━━━ Input data
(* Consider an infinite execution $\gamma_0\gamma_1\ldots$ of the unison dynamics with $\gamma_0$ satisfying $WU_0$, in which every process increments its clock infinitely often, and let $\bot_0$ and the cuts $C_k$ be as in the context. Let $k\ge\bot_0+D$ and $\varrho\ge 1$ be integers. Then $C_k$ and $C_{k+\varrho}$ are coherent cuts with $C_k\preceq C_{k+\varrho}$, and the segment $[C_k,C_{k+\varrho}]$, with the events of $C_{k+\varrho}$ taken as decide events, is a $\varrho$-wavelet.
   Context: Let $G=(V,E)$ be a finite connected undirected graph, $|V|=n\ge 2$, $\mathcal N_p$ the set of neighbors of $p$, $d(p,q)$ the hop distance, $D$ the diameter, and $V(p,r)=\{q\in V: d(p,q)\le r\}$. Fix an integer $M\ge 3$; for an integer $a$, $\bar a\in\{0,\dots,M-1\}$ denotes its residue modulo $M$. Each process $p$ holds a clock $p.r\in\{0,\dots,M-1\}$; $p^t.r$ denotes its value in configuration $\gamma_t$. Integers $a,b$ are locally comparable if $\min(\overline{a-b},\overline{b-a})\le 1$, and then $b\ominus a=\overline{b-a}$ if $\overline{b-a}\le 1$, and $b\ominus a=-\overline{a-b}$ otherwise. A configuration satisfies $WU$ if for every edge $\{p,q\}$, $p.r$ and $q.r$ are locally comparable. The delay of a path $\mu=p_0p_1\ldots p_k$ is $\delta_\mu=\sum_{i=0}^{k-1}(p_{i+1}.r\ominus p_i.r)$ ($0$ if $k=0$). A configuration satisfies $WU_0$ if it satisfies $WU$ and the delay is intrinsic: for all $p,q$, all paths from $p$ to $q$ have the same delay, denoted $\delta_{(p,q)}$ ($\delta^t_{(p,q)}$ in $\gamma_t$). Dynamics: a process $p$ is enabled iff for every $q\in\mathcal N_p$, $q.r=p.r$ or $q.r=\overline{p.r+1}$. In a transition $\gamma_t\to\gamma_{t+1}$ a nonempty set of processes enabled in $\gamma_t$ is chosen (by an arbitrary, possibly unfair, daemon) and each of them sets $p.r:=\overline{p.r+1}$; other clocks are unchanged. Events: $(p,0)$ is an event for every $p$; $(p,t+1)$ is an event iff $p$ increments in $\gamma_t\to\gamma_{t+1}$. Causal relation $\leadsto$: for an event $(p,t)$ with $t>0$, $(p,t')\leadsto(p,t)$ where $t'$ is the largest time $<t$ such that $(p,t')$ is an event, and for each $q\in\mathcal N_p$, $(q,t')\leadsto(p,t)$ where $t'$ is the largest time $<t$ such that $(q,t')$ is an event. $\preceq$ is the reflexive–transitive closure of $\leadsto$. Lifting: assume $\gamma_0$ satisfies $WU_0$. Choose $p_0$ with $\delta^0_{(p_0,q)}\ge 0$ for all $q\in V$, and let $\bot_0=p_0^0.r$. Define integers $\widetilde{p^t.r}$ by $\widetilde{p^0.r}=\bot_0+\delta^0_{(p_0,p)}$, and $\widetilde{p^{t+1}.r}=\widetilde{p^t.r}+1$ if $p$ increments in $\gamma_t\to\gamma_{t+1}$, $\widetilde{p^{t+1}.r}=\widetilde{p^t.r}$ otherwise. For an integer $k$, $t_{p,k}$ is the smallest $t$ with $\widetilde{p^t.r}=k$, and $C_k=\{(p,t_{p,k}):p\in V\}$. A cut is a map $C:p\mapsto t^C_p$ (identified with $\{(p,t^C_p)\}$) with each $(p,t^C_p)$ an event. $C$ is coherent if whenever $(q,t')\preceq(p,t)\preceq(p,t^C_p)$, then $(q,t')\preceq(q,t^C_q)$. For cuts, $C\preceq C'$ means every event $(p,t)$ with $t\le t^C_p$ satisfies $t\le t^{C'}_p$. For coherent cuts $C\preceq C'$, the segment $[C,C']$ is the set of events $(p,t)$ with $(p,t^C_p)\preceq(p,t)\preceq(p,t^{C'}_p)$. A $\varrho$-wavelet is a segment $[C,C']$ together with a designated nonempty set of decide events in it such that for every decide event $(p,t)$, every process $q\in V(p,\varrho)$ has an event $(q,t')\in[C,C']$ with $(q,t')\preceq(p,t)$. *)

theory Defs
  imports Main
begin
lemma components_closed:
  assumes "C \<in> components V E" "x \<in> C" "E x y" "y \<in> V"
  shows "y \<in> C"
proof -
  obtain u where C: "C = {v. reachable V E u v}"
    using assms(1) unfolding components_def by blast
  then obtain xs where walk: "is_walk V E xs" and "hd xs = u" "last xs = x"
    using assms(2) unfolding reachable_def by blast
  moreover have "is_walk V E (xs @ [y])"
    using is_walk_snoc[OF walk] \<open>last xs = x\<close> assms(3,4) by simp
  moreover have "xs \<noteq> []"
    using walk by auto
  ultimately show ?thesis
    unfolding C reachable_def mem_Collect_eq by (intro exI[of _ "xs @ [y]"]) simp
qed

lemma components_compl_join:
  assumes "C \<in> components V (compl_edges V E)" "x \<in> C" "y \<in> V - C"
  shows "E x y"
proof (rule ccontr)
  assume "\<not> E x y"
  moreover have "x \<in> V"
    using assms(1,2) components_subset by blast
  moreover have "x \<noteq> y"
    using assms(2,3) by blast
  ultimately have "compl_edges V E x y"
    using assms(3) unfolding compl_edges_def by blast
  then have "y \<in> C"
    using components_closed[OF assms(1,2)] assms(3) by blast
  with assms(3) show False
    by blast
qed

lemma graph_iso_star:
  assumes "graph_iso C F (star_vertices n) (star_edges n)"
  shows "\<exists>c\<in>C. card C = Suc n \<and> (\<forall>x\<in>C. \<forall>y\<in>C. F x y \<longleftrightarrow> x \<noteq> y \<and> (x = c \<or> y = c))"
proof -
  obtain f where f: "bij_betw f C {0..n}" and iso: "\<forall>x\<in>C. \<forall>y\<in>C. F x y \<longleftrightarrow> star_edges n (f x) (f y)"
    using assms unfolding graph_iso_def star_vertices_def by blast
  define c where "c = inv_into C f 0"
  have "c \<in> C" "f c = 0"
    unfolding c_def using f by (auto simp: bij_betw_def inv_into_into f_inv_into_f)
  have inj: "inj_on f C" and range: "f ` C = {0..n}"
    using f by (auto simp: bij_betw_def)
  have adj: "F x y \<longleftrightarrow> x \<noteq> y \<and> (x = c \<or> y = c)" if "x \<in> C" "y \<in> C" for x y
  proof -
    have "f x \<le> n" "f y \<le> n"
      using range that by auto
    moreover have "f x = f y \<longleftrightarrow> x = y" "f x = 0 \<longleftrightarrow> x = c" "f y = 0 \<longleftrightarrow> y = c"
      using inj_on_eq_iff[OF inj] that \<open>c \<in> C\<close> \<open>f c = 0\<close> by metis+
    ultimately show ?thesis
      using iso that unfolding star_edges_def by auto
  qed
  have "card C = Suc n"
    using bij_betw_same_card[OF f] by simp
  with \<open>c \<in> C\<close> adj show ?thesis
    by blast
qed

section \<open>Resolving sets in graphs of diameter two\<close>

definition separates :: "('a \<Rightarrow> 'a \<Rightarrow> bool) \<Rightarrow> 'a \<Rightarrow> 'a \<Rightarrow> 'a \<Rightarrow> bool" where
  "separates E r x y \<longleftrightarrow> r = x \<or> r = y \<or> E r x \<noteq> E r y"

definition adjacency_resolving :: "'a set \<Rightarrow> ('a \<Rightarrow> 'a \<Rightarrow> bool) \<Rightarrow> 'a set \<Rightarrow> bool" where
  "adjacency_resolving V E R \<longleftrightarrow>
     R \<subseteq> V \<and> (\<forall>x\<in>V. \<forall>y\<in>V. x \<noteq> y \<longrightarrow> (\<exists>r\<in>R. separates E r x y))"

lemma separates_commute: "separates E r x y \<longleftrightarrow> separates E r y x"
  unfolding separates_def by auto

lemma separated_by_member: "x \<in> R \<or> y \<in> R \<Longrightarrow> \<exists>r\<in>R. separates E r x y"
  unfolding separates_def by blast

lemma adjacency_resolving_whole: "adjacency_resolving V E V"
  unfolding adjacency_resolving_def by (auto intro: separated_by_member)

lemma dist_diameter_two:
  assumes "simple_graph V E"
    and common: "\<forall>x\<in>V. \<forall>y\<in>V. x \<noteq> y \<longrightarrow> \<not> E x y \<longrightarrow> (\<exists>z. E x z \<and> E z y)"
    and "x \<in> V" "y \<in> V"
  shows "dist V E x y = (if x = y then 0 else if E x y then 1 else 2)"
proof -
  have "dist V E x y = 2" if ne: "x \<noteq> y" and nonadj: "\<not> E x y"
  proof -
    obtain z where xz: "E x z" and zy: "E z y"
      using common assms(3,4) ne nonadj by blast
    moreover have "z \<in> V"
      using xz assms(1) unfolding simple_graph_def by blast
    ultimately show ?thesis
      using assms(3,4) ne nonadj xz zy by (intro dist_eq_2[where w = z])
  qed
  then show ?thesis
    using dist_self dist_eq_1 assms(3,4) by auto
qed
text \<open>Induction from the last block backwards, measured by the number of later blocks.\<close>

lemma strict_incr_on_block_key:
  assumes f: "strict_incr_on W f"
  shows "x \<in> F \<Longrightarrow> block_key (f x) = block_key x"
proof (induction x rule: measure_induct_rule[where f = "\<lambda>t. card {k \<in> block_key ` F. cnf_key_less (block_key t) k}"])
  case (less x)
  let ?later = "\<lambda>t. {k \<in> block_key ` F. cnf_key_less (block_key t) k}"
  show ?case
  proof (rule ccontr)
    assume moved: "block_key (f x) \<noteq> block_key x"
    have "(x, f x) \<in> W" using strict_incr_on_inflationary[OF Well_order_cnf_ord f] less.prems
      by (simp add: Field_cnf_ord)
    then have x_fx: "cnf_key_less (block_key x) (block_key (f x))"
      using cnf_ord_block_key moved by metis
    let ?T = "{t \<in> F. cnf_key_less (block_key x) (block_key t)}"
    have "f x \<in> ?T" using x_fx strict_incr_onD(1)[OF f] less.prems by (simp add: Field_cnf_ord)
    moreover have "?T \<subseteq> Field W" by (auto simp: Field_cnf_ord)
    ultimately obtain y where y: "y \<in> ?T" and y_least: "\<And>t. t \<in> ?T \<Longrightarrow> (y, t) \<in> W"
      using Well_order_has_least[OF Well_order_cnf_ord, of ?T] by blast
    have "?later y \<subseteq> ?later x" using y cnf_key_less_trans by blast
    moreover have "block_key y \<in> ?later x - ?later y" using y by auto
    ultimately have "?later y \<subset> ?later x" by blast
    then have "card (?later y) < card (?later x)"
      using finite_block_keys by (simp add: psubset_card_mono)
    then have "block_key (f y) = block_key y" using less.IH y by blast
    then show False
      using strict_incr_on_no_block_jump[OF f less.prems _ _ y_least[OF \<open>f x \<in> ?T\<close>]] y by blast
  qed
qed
━━━━━━
Lines that contain "prems" are to be copied from the records above.

Problem solution:
    have "(x, f x) \<in> W" using strict_incr_on_inflationary[OF Well_order_cnf_ord f] less.prems
    have "f x \<in> ?T" using x_fx strict_incr_onD(1)[OF f] less.prems by (simp add: Field_cnf_ord)
      using strict_incr_on_no_block_jump[OF f less.prems _ _ y_least[OF \<open>f x \<in> ?T\<close>]] y by blast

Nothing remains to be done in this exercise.